▶ **TASK GOAL**
Show every line in the records below that contains the word "False".

Stored data entries
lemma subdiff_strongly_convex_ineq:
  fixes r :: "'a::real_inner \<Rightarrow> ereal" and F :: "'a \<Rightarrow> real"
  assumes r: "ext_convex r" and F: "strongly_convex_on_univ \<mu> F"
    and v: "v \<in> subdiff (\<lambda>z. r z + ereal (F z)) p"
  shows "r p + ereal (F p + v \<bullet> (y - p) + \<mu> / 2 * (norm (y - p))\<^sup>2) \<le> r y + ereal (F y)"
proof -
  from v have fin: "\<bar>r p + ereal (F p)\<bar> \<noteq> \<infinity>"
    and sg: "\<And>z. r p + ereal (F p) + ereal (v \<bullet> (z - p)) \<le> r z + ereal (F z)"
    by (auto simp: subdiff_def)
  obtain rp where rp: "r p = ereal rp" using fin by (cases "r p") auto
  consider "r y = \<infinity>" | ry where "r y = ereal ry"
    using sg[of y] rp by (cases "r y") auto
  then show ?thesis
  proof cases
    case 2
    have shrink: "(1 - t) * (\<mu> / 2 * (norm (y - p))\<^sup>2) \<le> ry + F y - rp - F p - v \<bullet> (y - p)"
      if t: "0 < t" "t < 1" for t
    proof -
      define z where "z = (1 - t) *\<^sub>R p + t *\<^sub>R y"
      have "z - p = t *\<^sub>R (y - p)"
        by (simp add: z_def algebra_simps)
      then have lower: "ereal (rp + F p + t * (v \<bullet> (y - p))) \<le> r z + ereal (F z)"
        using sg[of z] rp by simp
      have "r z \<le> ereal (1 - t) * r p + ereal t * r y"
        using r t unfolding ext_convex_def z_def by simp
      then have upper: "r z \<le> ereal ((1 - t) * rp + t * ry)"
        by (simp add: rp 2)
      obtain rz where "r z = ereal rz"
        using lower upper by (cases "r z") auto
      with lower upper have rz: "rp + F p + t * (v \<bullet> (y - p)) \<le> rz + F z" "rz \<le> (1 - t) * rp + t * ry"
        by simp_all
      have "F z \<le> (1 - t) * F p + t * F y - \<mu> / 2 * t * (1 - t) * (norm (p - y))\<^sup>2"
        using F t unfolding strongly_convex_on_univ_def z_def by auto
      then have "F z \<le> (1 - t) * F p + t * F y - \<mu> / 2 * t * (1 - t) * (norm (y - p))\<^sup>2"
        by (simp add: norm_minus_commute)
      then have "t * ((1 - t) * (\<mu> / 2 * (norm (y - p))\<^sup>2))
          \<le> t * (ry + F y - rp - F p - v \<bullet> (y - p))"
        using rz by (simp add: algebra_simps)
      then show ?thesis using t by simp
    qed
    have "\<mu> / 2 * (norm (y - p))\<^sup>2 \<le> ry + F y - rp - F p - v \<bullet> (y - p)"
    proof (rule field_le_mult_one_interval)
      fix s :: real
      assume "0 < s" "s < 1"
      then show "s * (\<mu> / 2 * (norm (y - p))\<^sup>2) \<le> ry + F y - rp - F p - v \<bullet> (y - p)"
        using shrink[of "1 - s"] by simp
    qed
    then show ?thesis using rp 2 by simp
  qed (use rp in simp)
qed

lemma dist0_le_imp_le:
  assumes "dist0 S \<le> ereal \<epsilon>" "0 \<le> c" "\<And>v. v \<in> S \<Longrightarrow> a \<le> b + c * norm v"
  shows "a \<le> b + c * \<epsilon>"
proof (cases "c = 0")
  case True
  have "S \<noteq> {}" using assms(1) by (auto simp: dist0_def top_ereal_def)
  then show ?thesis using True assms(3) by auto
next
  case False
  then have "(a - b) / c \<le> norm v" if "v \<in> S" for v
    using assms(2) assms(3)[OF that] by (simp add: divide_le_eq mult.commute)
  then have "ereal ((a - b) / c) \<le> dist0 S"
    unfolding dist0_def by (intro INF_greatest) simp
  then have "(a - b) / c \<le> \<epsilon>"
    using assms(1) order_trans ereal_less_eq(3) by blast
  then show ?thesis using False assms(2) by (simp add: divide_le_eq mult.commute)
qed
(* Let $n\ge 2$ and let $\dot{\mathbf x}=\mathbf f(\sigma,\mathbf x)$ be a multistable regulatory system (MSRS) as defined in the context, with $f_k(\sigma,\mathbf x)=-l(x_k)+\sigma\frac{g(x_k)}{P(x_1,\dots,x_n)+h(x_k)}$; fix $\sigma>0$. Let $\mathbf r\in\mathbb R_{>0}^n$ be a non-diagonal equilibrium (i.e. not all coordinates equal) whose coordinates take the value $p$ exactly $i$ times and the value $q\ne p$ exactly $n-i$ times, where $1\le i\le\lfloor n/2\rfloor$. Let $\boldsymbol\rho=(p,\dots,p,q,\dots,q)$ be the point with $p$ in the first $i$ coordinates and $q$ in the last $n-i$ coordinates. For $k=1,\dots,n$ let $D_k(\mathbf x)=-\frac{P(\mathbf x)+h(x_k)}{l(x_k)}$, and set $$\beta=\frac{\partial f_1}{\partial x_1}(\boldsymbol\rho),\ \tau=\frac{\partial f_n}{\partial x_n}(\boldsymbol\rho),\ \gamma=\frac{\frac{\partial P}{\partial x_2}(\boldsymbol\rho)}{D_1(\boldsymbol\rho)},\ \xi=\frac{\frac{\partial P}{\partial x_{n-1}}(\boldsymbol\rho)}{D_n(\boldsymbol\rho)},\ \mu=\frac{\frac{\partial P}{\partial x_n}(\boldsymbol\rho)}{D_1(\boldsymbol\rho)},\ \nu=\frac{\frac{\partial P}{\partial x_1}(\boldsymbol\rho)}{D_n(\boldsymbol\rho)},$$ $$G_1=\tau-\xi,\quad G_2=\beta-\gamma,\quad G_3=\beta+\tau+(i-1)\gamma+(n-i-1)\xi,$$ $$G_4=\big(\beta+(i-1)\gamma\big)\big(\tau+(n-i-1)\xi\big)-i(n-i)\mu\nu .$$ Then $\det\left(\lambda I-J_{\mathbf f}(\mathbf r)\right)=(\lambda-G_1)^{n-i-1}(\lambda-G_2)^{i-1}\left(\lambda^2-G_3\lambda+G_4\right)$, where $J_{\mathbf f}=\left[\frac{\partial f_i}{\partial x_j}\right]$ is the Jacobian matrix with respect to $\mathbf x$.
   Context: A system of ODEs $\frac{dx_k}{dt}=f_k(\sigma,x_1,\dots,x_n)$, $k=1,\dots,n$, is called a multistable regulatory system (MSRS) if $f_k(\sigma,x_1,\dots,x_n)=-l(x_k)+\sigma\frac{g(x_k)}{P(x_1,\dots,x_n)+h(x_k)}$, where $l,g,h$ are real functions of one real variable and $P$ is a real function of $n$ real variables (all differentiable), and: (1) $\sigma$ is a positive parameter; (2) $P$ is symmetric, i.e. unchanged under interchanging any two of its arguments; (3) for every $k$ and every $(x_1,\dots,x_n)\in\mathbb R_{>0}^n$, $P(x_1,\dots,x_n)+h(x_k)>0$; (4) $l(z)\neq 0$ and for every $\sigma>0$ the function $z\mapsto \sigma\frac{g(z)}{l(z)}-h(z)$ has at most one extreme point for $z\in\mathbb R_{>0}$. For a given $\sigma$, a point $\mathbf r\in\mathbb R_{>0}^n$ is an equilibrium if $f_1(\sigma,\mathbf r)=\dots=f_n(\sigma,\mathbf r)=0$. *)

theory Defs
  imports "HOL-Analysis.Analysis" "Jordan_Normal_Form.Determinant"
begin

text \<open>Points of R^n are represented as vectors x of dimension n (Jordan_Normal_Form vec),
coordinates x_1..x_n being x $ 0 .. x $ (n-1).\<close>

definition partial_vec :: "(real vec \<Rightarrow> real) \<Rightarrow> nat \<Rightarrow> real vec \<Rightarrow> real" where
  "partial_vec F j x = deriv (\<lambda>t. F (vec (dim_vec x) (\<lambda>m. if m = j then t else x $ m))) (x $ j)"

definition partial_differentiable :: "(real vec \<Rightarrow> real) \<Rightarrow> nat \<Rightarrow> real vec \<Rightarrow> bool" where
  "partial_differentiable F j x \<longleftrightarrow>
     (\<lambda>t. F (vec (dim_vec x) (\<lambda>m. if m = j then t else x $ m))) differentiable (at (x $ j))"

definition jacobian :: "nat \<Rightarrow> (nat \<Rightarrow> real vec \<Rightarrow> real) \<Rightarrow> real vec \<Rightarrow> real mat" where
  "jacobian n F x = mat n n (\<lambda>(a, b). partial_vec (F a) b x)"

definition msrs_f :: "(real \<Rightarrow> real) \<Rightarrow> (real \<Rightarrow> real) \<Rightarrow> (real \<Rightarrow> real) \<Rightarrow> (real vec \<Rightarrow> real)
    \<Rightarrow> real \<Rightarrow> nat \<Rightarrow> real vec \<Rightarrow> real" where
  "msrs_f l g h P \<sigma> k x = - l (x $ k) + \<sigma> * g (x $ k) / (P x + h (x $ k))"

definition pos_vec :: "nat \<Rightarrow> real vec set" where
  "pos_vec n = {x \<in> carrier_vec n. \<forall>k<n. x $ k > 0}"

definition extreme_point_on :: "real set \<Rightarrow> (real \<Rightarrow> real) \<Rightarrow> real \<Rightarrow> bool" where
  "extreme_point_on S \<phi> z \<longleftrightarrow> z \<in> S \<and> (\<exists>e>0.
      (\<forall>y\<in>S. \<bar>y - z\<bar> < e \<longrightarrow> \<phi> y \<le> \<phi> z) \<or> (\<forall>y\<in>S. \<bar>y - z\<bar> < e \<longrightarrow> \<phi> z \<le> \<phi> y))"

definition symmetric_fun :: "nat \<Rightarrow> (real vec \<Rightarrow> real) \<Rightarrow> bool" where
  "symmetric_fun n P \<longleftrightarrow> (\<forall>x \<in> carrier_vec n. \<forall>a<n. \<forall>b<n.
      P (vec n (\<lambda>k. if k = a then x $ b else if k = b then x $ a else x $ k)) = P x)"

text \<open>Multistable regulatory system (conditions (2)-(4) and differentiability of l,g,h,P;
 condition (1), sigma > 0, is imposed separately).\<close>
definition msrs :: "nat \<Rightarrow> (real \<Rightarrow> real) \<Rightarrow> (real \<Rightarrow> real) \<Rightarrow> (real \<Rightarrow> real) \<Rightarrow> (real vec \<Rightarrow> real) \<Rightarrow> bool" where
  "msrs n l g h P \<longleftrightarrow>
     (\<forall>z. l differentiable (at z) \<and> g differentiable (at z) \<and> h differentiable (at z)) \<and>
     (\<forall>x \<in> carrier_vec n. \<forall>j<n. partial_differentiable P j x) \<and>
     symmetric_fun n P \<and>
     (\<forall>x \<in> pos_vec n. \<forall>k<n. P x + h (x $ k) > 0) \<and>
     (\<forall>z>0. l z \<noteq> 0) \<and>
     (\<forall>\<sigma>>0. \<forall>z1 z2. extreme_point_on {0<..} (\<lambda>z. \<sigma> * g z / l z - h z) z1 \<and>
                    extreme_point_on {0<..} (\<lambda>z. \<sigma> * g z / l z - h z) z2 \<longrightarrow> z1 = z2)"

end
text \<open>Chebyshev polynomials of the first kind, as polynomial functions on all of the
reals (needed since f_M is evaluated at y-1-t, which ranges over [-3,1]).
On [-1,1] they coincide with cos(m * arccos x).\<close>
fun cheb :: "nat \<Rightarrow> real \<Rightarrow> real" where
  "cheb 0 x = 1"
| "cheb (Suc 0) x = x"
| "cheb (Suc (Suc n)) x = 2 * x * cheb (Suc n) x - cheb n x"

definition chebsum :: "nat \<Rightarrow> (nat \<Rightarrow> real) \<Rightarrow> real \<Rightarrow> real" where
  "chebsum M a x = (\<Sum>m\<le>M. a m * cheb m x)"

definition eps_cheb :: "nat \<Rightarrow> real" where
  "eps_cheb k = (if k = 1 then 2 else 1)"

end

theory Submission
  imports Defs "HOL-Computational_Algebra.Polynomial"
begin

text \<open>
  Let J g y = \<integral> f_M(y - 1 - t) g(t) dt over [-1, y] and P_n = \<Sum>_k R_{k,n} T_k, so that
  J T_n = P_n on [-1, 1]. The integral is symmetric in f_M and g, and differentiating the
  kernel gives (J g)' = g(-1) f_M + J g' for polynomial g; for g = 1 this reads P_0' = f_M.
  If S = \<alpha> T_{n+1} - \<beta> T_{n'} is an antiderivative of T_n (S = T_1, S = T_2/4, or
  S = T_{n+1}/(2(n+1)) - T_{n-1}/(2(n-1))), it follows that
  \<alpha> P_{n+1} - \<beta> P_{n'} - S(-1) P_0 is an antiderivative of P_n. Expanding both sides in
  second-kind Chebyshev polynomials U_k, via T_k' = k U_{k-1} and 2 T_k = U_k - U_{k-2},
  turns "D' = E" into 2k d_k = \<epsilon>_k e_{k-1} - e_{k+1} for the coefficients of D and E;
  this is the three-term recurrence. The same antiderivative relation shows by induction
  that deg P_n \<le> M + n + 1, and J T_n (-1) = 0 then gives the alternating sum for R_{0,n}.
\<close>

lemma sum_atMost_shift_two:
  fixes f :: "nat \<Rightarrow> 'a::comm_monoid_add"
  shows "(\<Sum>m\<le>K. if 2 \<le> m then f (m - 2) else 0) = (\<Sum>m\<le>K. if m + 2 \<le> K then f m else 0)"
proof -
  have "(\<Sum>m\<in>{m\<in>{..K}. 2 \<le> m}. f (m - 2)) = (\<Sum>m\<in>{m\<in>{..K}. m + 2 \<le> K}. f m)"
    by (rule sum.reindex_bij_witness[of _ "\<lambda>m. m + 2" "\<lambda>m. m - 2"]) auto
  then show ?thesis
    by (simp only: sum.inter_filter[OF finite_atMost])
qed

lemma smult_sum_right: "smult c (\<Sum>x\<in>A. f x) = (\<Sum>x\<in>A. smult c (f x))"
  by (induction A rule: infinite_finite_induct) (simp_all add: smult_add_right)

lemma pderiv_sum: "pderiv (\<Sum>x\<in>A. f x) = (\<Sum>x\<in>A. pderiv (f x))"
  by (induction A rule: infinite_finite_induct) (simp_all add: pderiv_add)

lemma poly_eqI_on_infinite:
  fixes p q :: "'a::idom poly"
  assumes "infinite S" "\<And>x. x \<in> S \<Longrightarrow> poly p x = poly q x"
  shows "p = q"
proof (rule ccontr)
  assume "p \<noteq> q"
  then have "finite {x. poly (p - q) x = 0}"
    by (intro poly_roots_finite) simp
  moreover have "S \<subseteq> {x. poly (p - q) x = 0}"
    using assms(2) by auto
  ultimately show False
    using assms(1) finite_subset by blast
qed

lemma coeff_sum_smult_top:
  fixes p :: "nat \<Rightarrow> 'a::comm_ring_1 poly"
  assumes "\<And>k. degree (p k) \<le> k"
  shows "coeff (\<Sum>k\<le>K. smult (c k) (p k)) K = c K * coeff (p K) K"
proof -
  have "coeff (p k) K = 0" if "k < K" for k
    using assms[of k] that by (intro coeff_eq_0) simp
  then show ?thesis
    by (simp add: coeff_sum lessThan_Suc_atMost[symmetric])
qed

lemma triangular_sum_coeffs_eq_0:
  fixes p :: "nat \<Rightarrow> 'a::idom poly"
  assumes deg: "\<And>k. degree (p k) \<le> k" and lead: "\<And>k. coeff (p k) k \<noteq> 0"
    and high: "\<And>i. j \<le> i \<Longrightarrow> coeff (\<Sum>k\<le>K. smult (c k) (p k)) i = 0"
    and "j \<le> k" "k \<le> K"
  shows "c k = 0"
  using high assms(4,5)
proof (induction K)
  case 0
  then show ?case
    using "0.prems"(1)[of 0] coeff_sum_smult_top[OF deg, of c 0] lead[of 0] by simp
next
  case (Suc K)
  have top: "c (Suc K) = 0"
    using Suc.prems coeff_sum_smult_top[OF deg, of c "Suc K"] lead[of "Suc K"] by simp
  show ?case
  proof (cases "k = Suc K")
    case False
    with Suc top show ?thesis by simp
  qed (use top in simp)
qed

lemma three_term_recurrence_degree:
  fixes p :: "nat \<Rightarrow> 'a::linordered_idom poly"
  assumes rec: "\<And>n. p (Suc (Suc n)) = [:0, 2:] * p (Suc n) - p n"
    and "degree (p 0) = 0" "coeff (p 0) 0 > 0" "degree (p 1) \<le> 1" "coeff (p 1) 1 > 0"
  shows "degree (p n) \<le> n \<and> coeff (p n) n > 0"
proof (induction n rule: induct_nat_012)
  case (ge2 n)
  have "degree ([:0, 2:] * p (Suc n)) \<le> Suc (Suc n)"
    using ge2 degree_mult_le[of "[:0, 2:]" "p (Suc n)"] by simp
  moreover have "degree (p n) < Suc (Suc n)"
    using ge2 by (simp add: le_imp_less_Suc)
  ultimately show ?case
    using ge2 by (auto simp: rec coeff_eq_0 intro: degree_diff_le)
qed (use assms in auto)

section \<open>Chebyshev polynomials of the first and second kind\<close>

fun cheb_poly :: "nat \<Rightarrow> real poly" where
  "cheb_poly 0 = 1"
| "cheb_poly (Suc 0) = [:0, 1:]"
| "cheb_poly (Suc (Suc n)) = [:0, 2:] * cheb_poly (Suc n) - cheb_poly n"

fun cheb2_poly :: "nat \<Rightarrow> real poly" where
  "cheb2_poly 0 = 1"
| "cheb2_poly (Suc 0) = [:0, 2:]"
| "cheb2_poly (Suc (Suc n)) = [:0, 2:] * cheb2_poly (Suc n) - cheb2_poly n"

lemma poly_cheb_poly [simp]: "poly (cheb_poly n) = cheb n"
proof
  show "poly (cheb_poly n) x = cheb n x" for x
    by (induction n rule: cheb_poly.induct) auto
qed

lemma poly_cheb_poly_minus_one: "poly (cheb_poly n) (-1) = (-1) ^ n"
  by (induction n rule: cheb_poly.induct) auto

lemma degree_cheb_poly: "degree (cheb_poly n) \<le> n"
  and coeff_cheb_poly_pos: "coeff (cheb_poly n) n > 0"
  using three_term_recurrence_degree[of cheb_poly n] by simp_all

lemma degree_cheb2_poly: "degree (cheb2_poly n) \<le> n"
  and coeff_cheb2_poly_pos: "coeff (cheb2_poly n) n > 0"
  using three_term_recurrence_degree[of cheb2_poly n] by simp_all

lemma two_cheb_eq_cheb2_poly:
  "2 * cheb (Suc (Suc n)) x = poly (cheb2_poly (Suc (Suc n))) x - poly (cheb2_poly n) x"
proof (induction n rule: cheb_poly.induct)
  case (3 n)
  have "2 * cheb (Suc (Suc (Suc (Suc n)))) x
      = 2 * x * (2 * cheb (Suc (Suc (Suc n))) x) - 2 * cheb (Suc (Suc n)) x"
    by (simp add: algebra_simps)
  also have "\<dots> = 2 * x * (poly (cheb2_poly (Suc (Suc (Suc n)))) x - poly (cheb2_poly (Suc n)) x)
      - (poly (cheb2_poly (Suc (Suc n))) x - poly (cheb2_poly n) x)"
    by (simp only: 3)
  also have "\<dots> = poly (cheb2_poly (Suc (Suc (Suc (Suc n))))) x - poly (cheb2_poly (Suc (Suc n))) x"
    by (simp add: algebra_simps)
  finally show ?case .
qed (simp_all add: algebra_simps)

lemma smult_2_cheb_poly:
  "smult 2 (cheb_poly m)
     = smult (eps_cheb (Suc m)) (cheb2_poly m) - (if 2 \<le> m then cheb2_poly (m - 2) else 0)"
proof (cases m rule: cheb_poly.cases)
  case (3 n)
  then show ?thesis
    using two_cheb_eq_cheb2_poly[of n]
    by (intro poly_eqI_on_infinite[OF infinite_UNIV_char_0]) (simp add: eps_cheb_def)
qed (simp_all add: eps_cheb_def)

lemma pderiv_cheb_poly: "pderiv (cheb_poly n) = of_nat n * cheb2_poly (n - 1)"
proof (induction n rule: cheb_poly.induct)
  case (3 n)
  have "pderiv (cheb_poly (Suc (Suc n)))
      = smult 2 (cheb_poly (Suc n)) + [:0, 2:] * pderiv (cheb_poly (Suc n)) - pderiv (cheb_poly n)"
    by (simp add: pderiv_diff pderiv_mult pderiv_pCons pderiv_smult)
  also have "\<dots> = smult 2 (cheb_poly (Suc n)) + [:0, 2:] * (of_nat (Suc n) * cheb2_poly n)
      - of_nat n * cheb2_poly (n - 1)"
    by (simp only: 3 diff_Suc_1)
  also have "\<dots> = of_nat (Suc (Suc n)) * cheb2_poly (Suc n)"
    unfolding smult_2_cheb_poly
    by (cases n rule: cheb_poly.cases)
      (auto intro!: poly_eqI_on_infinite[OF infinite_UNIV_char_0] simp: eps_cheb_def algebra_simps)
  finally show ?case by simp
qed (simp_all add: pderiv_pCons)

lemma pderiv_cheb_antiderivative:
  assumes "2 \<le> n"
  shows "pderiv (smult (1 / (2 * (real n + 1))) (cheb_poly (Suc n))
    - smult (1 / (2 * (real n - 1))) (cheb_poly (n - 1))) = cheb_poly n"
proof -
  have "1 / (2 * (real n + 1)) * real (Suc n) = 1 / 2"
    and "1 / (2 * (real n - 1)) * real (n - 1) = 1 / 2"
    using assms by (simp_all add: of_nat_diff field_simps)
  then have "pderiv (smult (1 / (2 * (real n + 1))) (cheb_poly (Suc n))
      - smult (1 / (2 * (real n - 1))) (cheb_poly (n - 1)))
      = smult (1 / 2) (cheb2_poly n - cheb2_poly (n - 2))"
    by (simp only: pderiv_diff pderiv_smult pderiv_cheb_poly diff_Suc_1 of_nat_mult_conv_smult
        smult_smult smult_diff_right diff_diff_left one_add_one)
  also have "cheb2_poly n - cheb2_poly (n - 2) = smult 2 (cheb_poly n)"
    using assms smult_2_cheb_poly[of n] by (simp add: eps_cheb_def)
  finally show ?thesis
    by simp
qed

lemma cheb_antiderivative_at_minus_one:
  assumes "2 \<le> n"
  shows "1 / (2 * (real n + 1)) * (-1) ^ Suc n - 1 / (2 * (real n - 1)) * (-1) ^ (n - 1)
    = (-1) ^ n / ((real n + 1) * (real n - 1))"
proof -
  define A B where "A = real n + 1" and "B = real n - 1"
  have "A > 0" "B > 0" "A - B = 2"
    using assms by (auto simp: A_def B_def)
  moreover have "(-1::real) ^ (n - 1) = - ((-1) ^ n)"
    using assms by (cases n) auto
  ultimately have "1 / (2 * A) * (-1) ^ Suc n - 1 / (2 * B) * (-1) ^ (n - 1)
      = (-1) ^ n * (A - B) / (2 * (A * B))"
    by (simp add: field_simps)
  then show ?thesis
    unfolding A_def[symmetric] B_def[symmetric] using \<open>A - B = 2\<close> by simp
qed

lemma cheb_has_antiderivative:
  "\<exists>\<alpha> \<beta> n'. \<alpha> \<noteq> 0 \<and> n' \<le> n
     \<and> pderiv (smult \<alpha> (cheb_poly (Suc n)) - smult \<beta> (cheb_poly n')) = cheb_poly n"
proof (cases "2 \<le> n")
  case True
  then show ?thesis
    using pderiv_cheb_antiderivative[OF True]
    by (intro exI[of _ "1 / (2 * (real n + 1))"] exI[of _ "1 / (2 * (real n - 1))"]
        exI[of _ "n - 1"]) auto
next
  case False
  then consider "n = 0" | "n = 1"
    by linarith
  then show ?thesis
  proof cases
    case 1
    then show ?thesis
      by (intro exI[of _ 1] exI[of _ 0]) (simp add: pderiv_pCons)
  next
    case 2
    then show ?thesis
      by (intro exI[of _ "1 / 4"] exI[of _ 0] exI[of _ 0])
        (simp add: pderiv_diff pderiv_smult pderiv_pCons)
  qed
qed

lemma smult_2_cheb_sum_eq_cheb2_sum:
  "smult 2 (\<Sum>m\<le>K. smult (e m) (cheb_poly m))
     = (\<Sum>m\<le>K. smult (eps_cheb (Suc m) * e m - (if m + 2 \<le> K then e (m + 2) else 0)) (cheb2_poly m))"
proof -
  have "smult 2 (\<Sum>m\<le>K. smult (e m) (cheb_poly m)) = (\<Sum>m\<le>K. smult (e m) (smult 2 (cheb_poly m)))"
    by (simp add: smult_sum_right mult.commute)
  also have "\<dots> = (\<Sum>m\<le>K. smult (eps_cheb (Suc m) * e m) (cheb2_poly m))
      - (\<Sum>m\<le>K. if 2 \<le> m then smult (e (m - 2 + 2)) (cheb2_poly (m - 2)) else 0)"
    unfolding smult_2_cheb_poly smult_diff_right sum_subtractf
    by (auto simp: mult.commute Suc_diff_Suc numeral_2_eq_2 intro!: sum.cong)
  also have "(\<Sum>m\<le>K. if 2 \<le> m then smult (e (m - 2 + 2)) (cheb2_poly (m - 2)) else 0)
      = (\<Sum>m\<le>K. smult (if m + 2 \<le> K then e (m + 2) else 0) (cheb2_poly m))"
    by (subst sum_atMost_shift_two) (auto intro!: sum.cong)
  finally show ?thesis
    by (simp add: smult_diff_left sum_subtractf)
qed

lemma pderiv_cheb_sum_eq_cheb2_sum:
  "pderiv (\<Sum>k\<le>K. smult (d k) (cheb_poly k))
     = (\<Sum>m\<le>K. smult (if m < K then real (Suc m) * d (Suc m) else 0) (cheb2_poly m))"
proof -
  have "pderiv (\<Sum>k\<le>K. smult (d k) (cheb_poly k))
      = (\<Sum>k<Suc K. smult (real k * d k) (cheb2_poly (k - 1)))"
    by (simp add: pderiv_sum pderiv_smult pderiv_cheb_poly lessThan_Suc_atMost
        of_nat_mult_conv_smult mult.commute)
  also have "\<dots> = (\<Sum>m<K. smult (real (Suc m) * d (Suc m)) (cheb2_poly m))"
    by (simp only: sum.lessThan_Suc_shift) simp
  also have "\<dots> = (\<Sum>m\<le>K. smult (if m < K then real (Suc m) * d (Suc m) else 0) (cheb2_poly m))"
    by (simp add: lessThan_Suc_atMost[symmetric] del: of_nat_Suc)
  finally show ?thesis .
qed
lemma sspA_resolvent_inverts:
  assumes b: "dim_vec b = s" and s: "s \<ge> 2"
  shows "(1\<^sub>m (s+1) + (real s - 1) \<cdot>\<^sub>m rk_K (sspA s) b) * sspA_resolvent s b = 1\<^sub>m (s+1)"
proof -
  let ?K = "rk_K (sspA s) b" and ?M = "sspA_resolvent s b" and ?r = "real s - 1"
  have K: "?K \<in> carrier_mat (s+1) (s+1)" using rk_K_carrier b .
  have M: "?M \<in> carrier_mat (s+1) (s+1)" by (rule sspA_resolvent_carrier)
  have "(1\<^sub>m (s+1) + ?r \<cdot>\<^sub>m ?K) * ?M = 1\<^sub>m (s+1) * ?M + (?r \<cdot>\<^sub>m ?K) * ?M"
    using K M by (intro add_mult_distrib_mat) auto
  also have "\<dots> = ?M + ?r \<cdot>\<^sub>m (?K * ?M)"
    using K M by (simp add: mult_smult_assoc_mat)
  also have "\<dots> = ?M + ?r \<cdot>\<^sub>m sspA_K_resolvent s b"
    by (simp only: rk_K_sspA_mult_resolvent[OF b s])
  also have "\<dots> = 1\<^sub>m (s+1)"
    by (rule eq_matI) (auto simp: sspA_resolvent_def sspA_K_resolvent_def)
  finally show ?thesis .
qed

▶ **SOLUTION TO THIS PROBLEM**
  case False
  then show ?thesis using False assms(2) by (simp add: divide_le_eq mult.commute)
  ultimately show False
    case False
  case False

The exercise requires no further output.